This is where EU's data protection law comes into play. When someone agreed to letting the app look at their phone book, the person isn't giving the app permission to store that forever. In theory, this sort of action should be illegal under EU law.
I "deleted" my FB more than 8 years ago, but since it was not possible to actually delete the data it was only disabled. In January I decided to re-activate it to get in touch with old acquaintances. Surprisingly, all of my pictures, contacts, and other interactions were there. Even a pending friend request was pending for 8 years.
Maybe I shouldn't be surprised, though, because FB stated clearly that you cannot delete your data. I just didn't believe they would keep it for so long. It felt weird.

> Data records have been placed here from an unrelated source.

(* Let $\mathfrak R=(\mathcal B,\mathcal S,\pi)$ be a return risk measurement regime and assume that each of the sets $\mathcal C$, $\mathcal B$, $\mathcal S$ is logconvex, i.e. for $\mathcal D\in\{\mathcal C,\mathcal B,\mathcal S\}$: $X,Y\in\mathcal D$ and $\alpha\in(0,1)$ imply $X^\alpha Y^{1-\alpha}\in\mathcal D$. (i) If $\pi$ is quasi-logconvex, i.e. $\pi(X^\alpha Y^{1-\alpha})\le\max\{\pi(X),\pi(Y)\}$ for all $X,Y\in\mathcal S$, $\alpha\in(0,1)$, then $\eta_{\mathfrak R}$ is quasi-logconvex: $\eta_{\mathfrak R}(X^\alpha Y^{1-\alpha})\le\max\{\eta_{\mathfrak R}(X),\eta_{\mathfrak R}(Y)\}$ for all $X,Y\in\mathcal C$, $\alpha\in(0,1)$. (ii) If $\pi$ is logconvex, i.e. $\pi(X^\alpha Y^{1-\alpha})\le\pi(X)^\alpha\pi(Y)^{1-\alpha}$ for all $X,Y\in\mathcal S$, $\alpha\in(0,1)$, then $\eta_{\mathfrak R}$ is logconvex: $\eta_{\mathfrak R}(X^\alpha Y^{1-\alpha})\le\eta_{\mathfrak R}(X)^\alpha\eta_{\mathfrak R}(Y)^{1-\alpha}$ for all $X,Y\in\mathcal C$, $\alpha\in(0,1)$.
   Context: Let $(\Omega,\mathcal F,P)$ be a probability space, $L^0$ the space of real random variables with the a.s. order, $L^0_{++}=\{X\in L^0:X>0\text{ a.s.}\}$, and $\frac{\mathcal A}{\mathcal D}=\{AD^{-1}:A\in\mathcal A,D\in\mathcal D\}$. Setting: nonempty sets $\mathcal C,\mathcal S,\mathcal K\subset L^0_{++}$ (model set, security set, set of relative losses) with $\frac{\mathcal C}{\mathcal S}\subset\mathcal K$; a pricing map $\pi\colon\mathcal S\to(0,\infty)$; a relative acceptance set $\mathcal B$, i.e. a nonempty proper subset of $\mathcal K$ such that $X\in\mathcal B$, $Y\in\mathcal K$, $Y\le X$ imply $Y\in\mathcal B$. $\mathfrak R=(\mathcal B,\mathcal S,\pi)$ is a return risk measurement regime, and $\eta_{\mathfrak R}(X)=\inf\{\pi(Z):Z\in\mathcal S,\ X/Z\in\mathcal B\}\in[0,\infty]$, $X\in\mathcal C$ ($\inf\emptyset=\infty$), is the MARRM. Conventions in $[0,\infty]$: $\infty^\alpha=\infty$ for $\alpha>0$, $0\cdot\infty$ is interpreted so that products involving $\infty$ with a positive factor are $\infty$. *)

theory Defs
  imports "HOL-Probability.Probability"
begin

text \<open>Random variables are represented by measurable real functions on the sample
space; the order on L0 is the almost sure order. Strictly positive random variables:\<close>
definition L0pp :: "'a measure \<Rightarrow> ('a \<Rightarrow> real) set" where
  "L0pp M = {X. X \<in> borel_measurable M \<and> (AE \<omega> in M. X \<omega> > 0)}"

definition ratios :: "('a \<Rightarrow> real) set \<Rightarrow> ('a \<Rightarrow> real) set \<Rightarrow> ('a \<Rightarrow> real) set" where
  "ratios A D = {(\<lambda>\<omega>. X \<omega> / Z \<omega>) | X Z. X \<in> A \<and> Z \<in> D}"

definition rel_acceptance_set :: "'a measure \<Rightarrow> ('a \<Rightarrow> real) set \<Rightarrow> ('a \<Rightarrow> real) set \<Rightarrow> bool" where
  "rel_acceptance_set M K B \<longleftrightarrow> B \<noteq> {} \<and> B \<subset> K \<and>
     (\<forall>X Y. X \<in> B \<longrightarrow> Y \<in> K \<longrightarrow> (AE \<omega> in M. Y \<omega> \<le> X \<omega>) \<longrightarrow> Y \<in> B)"

definition geo :: "real \<Rightarrow> ('a \<Rightarrow> real) \<Rightarrow> ('a \<Rightarrow> real) \<Rightarrow> ('a \<Rightarrow> real)" where
  "geo a X Y = (\<lambda>\<omega>. X \<omega> powr a * Y \<omega> powr (1 - a))"

definition logconvex_set :: "('a \<Rightarrow> real) set \<Rightarrow> bool" where
  "logconvex_set D \<longleftrightarrow> (\<forall>X\<in>D. \<forall>Y\<in>D. \<forall>a::real. 0 < a \<and> a < 1 \<longrightarrow> geo a X Y \<in> D)"

text \<open>The MARRM with values in [0,\<infinity>] (Inf of empty set is \<infinity>).\<close>
definition eta :: "('a \<Rightarrow> real) set \<Rightarrow> ('a \<Rightarrow> real) set \<Rightarrow> (('a \<Rightarrow> real) \<Rightarrow> real)
     \<Rightarrow> ('a \<Rightarrow> real) \<Rightarrow> ennreal" where
  "eta B S \<pi> X = Inf {ennreal (\<pi> Z) | Z. Z \<in> S \<and> (\<lambda>\<omega>. X \<omega> / Z \<omega>) \<in> B}"

definition egeo :: "real \<Rightarrow> ennreal \<Rightarrow> ennreal \<Rightarrow> ennreal" where
  "egeo a x y = (if x = \<top> \<or> y = \<top> then \<top>
                 else ennreal (enn2real x powr a * enn2real y powr (1 - a)))"

end

theory Submission
  imports Defs
begin

text \<open>If the securities \<open>Z\<^sub>1\<close>, \<open>Z\<^sub>2\<close> make \<open>X\<close>, \<open>Y\<close> acceptable, then their geometric mean
  \<open>geo a Z\<^sub>1 Z\<^sub>2\<close> makes \<open>geo a X Y\<close> acceptable: the ratio of the geometric means is the
  geometric mean of the ratios, which lies in the logconvex set \<open>B\<close>. So
  \<open>\<eta> (geo a X Y) \<le> \<pi> (geo a Z\<^sub>1 Z\<^sub>2)\<close>, and (quasi-)logconvexity of \<open>\<pi>\<close> passes to the
  infimum \<open>\<eta>\<close>. In the logconvex case the \<open>Z\<^sub>i\<close> are chosen with prices within \<open>\<delta>\<close> of
  \<open>\<eta> X\<close>, \<open>\<eta> Y\<close>, and \<open>\<delta> \<rightarrow> 0\<close> uses the continuity of \<open>(x, y) \<mapsto> x powr a * y powr (1 - a)\<close>.\<close>

lemma eta_le_price:
  assumes "Z \<in> S" "(\<lambda>\<omega>. X \<omega> / Z \<omega>) \<in> B"
  shows "eta B S \<pi> X \<le> ennreal (\<pi> Z)"
  unfolding eta_def using assms by (intro Inf_lower) blast

lemma eta_lessE:
  assumes "eta B S \<pi> X < t"
  obtains Z where "Z \<in> S" "(\<lambda>\<omega>. X \<omega> / Z \<omega>) \<in> B" "ennreal (\<pi> Z) < t"
  using assms unfolding eta_def by (auto simp: Inf_less_iff)

lemma ennreal_le_right_limit:
  fixes f :: "real \<Rightarrow> real"
  assumes "(f \<longlongrightarrow> f 0) (at_right 0)" and "\<And>d. d > 0 \<Longrightarrow> x \<le> ennreal (f d)"
  shows "x \<le> ennreal (f 0)"
proof (rule tendsto_le[OF trivial_limit_at_right_real])
  show "((\<lambda>d. ennreal (f d)) \<longlongrightarrow> ennreal (f 0)) (at_right 0)"
    using assms(1) by (rule tendsto_ennrealI)
  show "((\<lambda>_. x) \<longlongrightarrow> x) (at_right 0)"
    by simp
  show "\<forall>\<^sub>F d in at_right 0. x \<le> ennreal (f d)"
    using eventually_at_right_less[of 0] by eventually_elim (rule assms(2))
qed

locale logconvex_regime =
  fixes M :: "'a measure" and C S K B :: "('a \<Rightarrow> real) set"
  assumes C_pos: "C \<subseteq> L0pp M" and S_pos: "S \<subseteq> L0pp M"
    and ratios_subset: "ratios C S \<subseteq> K"
    and acceptance: "rel_acceptance_set M K B"
    and logconvex_C: "logconvex_set C" and logconvex_B: "logconvex_set B"
    and logconvex_S: "logconvex_set S"
begin

lemma geo_acceptable:
  assumes X: "X \<in> C" and Y: "Y \<in> C" and Z\<^sub>1: "Z\<^sub>1 \<in> S" and Z\<^sub>2: "Z\<^sub>2 \<in> S"
    and B\<^sub>1: "(\<lambda>\<omega>. X \<omega> / Z\<^sub>1 \<omega>) \<in> B" and B\<^sub>2: "(\<lambda>\<omega>. Y \<omega> / Z\<^sub>2 \<omega>) \<in> B"
    and a: "0 < a" "a < 1"
  shows "geo a Z\<^sub>1 Z\<^sub>2 \<in> S" and "(\<lambda>\<omega>. geo a X Y \<omega> / geo a Z\<^sub>1 Z\<^sub>2 \<omega>) \<in> B"
proof -
  show geo_S: "geo a Z\<^sub>1 Z\<^sub>2 \<in> S"
    using logconvex_S Z\<^sub>1 Z\<^sub>2 a unfolding logconvex_set_def by blast
  have "geo a X Y \<in> C"
    using logconvex_C X Y a unfolding logconvex_set_def by blast
  with geo_S have in_K: "(\<lambda>\<omega>. geo a X Y \<omega> / geo a Z\<^sub>1 Z\<^sub>2 \<omega>) \<in> K"
    using ratios_subset unfolding ratios_def by blast
  have geo_B: "geo a (\<lambda>\<omega>. X \<omega> / Z\<^sub>1 \<omega>) (\<lambda>\<omega>. Y \<omega> / Z\<^sub>2 \<omega>) \<in> B"
    using logconvex_B B\<^sub>1 B\<^sub>2 a unfolding logconvex_set_def by blast
  have "AE \<omega> in M. X \<omega> > 0" "AE \<omega> in M. Y \<omega> > 0"
    "AE \<omega> in M. Z\<^sub>1 \<omega> > 0" "AE \<omega> in M. Z\<^sub>2 \<omega> > 0"
    using C_pos S_pos X Y Z\<^sub>1 Z\<^sub>2 unfolding L0pp_def by auto
  then have "AE \<omega> in M. geo a X Y \<omega> / geo a Z\<^sub>1 Z\<^sub>2 \<omega>
      \<le> geo a (\<lambda>\<omega>. X \<omega> / Z\<^sub>1 \<omega>) (\<lambda>\<omega>. Y \<omega> / Z\<^sub>2 \<omega>) \<omega>"
    by eventually_elim (simp add: geo_def powr_divide)
  with acceptance geo_B in_K show "(\<lambda>\<omega>. geo a X Y \<omega> / geo a Z\<^sub>1 Z\<^sub>2 \<omega>) \<in> B"
    unfolding rel_acceptance_set_def by blast
qed

lemma eta_geo_le_price_geo:
  assumes "X \<in> C" "Y \<in> C" "Z\<^sub>1 \<in> S" "Z\<^sub>2 \<in> S"
    and "(\<lambda>\<omega>. X \<omega> / Z\<^sub>1 \<omega>) \<in> B" "(\<lambda>\<omega>. Y \<omega> / Z\<^sub>2 \<omega>) \<in> B"
    and "0 < a" "a < 1"
  shows "eta B S \<pi> (geo a X Y) \<le> ennreal (\<pi> (geo a Z\<^sub>1 Z\<^sub>2))"
  using geo_acceptable[OF assms] by (rule eta_le_price)

lemma eta_quasi_logconvex:
  assumes \<pi>_quasi_logconvex: "\<And>Z\<^sub>1 Z\<^sub>2. Z\<^sub>1 \<in> S \<Longrightarrow> Z\<^sub>2 \<in> S \<Longrightarrow>
      \<pi> (geo a Z\<^sub>1 Z\<^sub>2) \<le> max (\<pi> Z\<^sub>1) (\<pi> Z\<^sub>2)"
    and X: "X \<in> C" and Y: "Y \<in> C" and a: "0 < a" "a < 1"
  shows "eta B S \<pi> (geo a X Y) \<le> max (eta B S \<pi> X) (eta B S \<pi> Y)"
proof (rule dense_ge)
  fix t
  assume "max (eta B S \<pi> X) (eta B S \<pi> Y) < t"
  then have "eta B S \<pi> X < t" "eta B S \<pi> Y < t"
    by simp_all
  then obtain Z\<^sub>1 Z\<^sub>2 where
    Z\<^sub>1: "Z\<^sub>1 \<in> S" "(\<lambda>\<omega>. X \<omega> / Z\<^sub>1 \<omega>) \<in> B" "ennreal (\<pi> Z\<^sub>1) < t" and
    Z\<^sub>2: "Z\<^sub>2 \<in> S" "(\<lambda>\<omega>. Y \<omega> / Z\<^sub>2 \<omega>) \<in> B" "ennreal (\<pi> Z\<^sub>2) < t"
    by (elim eta_lessE)
  have "eta B S \<pi> (geo a X Y) \<le> ennreal (\<pi> (geo a Z\<^sub>1 Z\<^sub>2))"
    using eta_geo_le_price_geo X Y Z\<^sub>1 Z\<^sub>2 a by blast
  also have "\<dots> \<le> ennreal (max (\<pi> Z\<^sub>1) (\<pi> Z\<^sub>2))"
    using \<pi>_quasi_logconvex Z\<^sub>1 Z\<^sub>2 by (intro ennreal_leI) blast
  also have "\<dots> < t"
    using Z\<^sub>1 Z\<^sub>2 by (simp add: max_def)
  finally show "eta B S \<pi> (geo a X Y) \<le> t"
    by simp
qed

lemma eta_logconvex:
  assumes \<pi>_nonneg: "\<And>Z. Z \<in> S \<Longrightarrow> 0 \<le> \<pi> Z"
    and \<pi>_logconvex: "\<And>Z\<^sub>1 Z\<^sub>2. Z\<^sub>1 \<in> S \<Longrightarrow> Z\<^sub>2 \<in> S \<Longrightarrow>
      \<pi> (geo a Z\<^sub>1 Z\<^sub>2) \<le> \<pi> Z\<^sub>1 powr a * \<pi> Z\<^sub>2 powr (1 - a)"
    and X: "X \<in> C" and Y: "Y \<in> C" and a: "0 < a" "a < 1"
  shows "eta B S \<pi> (geo a X Y) \<le> egeo a (eta B S \<pi> X) (eta B S \<pi> Y)"
proof (cases "eta B S \<pi> X = \<top> \<or> eta B S \<pi> Y = \<top>")
  case True
  then show ?thesis
    by (simp add: egeo_def)
next
  case False
  then obtain x y where x: "eta B S \<pi> X = ennreal x" "0 \<le> x"
    and y: "eta B S \<pi> Y = ennreal y" "0 \<le> y"
    by (metis ennreal_cases)
  define f where "f d = (x + d) powr a * (y + d) powr (1 - a)" for d :: real
  have "eta B S \<pi> (geo a X Y) \<le> ennreal (f 0)"
  proof (rule ennreal_le_right_limit)
    show "(f \<longlongrightarrow> f 0) (at_right 0)"
      unfolding f_def using x y a
      by (intro tendsto_intros tendsto_powr2) (auto simp: eventually_at_filter)
  next
    fix d :: real
    assume "d > 0"
    then have "eta B S \<pi> X < ennreal (x + d)" "eta B S \<pi> Y < ennreal (y + d)"
      using x y by (simp_all add: ennreal_lessI)
    then obtain Z\<^sub>1 Z\<^sub>2 where
      Z\<^sub>1: "Z\<^sub>1 \<in> S" "(\<lambda>\<omega>. X \<omega> / Z\<^sub>1 \<omega>) \<in> B" "ennreal (\<pi> Z\<^sub>1) < ennreal (x + d)" and
      Z\<^sub>2: "Z\<^sub>2 \<in> S" "(\<lambda>\<omega>. Y \<omega> / Z\<^sub>2 \<omega>) \<in> B" "ennreal (\<pi> Z\<^sub>2) < ennreal (y + d)"
      by (elim eta_lessE)
    have nonneg: "0 \<le> \<pi> Z\<^sub>1" "0 \<le> \<pi> Z\<^sub>2"
      using \<pi>_nonneg Z\<^sub>1 Z\<^sub>2 by blast+
    moreover have "\<pi> Z\<^sub>1 \<le> x + d" "\<pi> Z\<^sub>2 \<le> y + d"
      using Z\<^sub>1 Z\<^sub>2 nonneg by (auto simp: ennreal_less_iff)
    ultimately have "\<pi> Z\<^sub>1 powr a * \<pi> Z\<^sub>2 powr (1 - a) \<le> f d"
      unfolding f_def using a by (intro mult_mono powr_mono2) auto
    with \<pi>_logconvex Z\<^sub>1 Z\<^sub>2 have "\<pi> (geo a Z\<^sub>1 Z\<^sub>2) \<le> f d"
      by (meson order_trans)
    moreover have "eta B S \<pi> (geo a X Y) \<le> ennreal (\<pi> (geo a Z\<^sub>1 Z\<^sub>2))"
      using eta_geo_le_price_geo X Y Z\<^sub>1 Z\<^sub>2 a by blast
    ultimately show "eta B S \<pi> (geo a X Y) \<le> ennreal (f d)"
      by (meson ennreal_leI order_trans)
  qed
  then show ?thesis
    using x y by (simp add: egeo_def f_def)
qed

end

theorem mainTheorem5:
  fixes M :: "'a measure"
    and C S K B :: "('a \<Rightarrow> real) set"
    and \<pi> :: "('a \<Rightarrow> real) \<Rightarrow> real"
  assumes "prob_space M"
    and "C \<noteq> {}" "S \<noteq> {}" "K \<noteq> {}"
    and "C \<subseteq> L0pp M" "S \<subseteq> L0pp M" "K \<subseteq> L0pp M"
    and "ratios C S \<subseteq> K"
    and "\<forall>Z\<in>S. \<pi> Z > 0"
    and "rel_acceptance_set M K B"
    and "logconvex_set C" "logconvex_set B" "logconvex_set S"
  shows "((\<forall>X\<in>S. \<forall>Y\<in>S. \<forall>a::real. 0 < a \<and> a < 1 \<longrightarrow>
             \<pi> (geo a X Y) \<le> max (\<pi> X) (\<pi> Y)) \<longrightarrow>
          (\<forall>X\<in>C. \<forall>Y\<in>C. \<forall>a::real. 0 < a \<and> a < 1 \<longrightarrow>
             eta B S \<pi> (geo a X Y) \<le> max (eta B S \<pi> X) (eta B S \<pi> Y)))
       \<and> ((\<forall>X\<in>S. \<forall>Y\<in>S. \<forall>a::real. 0 < a \<and> a < 1 \<longrightarrow>
             \<pi> (geo a X Y) \<le> \<pi> X powr a * \<pi> Y powr (1 - a)) \<longrightarrow>
          (\<forall>X\<in>C. \<forall>Y\<in>C. \<forall>a::real. 0 < a \<and> a < 1 \<longrightarrow>
             eta B S \<pi> (geo a X Y) \<le> egeo a (eta B S \<pi> X) (eta B S \<pi> Y)))"
proof -
  interpret logconvex_regime M C S K B
    using assms(5,6,8,10-13) by unfold_locales
  have \<pi>_nonneg: "\<And>Z. Z \<in> S \<Longrightarrow> 0 \<le> \<pi> Z"
    using assms(9) by (simp add: less_imp_le)
  show ?thesis
    using \<pi>_nonneg by (auto intro!: eta_quasi_logconvex eta_logconvex)
qed

end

Edit: Just a fun addition, I also made a fake account to promote Youtube videos against FB's EULA. To get more viewers I thought it might be a good idea to make arbitrary friend requests and must have had a certain tendency to click on attractive women. Curiously, at least half of them accepted immediately. One week later I got spammed with friend request of two kinds:
(a) Asian manufacturing sites offering all kinds of machinery and services. Most of them from China, but also some in other countries.
(b) Women posting half-naked pictures of themselves on FB, apparently doing that for a living.
None of them were my target audience. I guess successful FB marketing is more complicated.
That's interesting because refusing to delete personal information is going to be directly contrary to GDPR in a few months, the penalty for which will be 4% of global turnover.
It is absolutely possible to delete your Facebook account and profile permanently. It is harder to find (I had to search the help section for "permanently delete" or something), and they give you two weeks to change your mind. Of course, they still have tons of information about you, but I am tired of hearing people claim that you can only deactivate your account.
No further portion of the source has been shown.